__Instructions for the task__. Would you please copy the part of the material below that opens with the line containing "f \<gamma> \<noteq>" and closes with the line containing "f \<longleftrightarrow> well_ordered_rat"? Copy it exactly, and only it.
■ ■ ■ ■ ■ ■ ■
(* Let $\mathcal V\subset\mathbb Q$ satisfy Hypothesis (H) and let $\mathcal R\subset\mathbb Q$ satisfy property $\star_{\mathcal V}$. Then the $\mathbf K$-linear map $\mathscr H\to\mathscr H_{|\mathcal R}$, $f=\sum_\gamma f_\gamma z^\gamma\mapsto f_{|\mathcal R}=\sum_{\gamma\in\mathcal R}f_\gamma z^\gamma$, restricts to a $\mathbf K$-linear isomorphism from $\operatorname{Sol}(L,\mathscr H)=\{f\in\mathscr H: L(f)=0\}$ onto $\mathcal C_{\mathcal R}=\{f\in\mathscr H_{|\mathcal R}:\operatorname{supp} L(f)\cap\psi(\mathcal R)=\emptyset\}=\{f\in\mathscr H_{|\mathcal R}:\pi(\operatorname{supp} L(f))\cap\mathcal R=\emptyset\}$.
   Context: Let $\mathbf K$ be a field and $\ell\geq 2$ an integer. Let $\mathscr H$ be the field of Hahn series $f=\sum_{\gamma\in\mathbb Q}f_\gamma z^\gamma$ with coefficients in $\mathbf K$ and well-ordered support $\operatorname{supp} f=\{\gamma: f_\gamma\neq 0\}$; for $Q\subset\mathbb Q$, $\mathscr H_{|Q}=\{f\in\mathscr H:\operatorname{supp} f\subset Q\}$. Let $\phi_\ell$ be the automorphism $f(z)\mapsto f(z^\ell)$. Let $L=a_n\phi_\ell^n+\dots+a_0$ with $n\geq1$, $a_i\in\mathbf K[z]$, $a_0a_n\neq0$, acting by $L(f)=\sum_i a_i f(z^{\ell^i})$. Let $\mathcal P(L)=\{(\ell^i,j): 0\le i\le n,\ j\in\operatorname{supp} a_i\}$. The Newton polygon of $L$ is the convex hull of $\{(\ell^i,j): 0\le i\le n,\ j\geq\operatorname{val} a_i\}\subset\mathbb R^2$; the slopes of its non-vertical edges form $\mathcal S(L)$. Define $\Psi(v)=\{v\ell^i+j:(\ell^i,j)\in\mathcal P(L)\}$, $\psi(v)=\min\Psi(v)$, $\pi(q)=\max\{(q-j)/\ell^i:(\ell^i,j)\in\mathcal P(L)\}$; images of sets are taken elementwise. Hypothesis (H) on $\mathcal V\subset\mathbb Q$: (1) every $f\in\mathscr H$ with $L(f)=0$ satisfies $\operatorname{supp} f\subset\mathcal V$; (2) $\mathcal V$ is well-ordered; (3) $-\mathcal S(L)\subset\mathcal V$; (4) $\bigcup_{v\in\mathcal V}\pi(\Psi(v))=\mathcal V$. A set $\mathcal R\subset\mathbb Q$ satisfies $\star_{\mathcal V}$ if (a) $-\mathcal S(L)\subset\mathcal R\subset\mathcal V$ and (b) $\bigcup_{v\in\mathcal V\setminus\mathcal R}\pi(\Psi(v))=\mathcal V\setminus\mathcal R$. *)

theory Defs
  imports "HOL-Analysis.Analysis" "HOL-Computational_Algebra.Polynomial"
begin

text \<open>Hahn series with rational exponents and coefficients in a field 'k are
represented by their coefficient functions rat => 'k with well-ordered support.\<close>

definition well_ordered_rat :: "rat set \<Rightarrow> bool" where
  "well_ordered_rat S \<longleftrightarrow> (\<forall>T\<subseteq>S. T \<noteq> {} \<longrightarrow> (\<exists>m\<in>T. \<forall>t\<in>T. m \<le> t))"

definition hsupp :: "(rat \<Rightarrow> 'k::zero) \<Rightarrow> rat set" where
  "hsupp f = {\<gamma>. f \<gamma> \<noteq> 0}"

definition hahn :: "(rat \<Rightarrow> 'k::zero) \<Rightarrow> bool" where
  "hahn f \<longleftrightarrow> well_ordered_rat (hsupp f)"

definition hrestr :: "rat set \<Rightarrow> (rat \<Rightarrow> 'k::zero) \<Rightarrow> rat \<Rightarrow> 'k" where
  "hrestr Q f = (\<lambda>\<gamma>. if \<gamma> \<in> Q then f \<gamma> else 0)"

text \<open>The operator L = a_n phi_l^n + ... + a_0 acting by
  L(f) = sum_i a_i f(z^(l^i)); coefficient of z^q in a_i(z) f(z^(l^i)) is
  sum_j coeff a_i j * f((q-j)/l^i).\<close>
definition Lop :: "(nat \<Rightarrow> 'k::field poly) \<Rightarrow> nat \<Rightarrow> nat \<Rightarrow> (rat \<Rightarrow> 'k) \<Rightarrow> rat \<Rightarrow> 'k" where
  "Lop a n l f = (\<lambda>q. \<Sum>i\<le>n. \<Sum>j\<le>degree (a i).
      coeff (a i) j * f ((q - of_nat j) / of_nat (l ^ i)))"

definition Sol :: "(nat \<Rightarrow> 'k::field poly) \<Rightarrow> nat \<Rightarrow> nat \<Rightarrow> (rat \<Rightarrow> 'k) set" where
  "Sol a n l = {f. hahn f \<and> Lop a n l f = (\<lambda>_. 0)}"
■ ■ ■ ■ ■ ■ ■
__Output for this exercise__.
  "hsupp f = {\<gamma>. f \<gamma> \<noteq> 0}"

definition hahn :: "(rat \<Rightarrow> 'k::zero) \<Rightarrow> bool" where
  "hahn f \<longleftrightarrow> well_ordered_rat (hsupp f)"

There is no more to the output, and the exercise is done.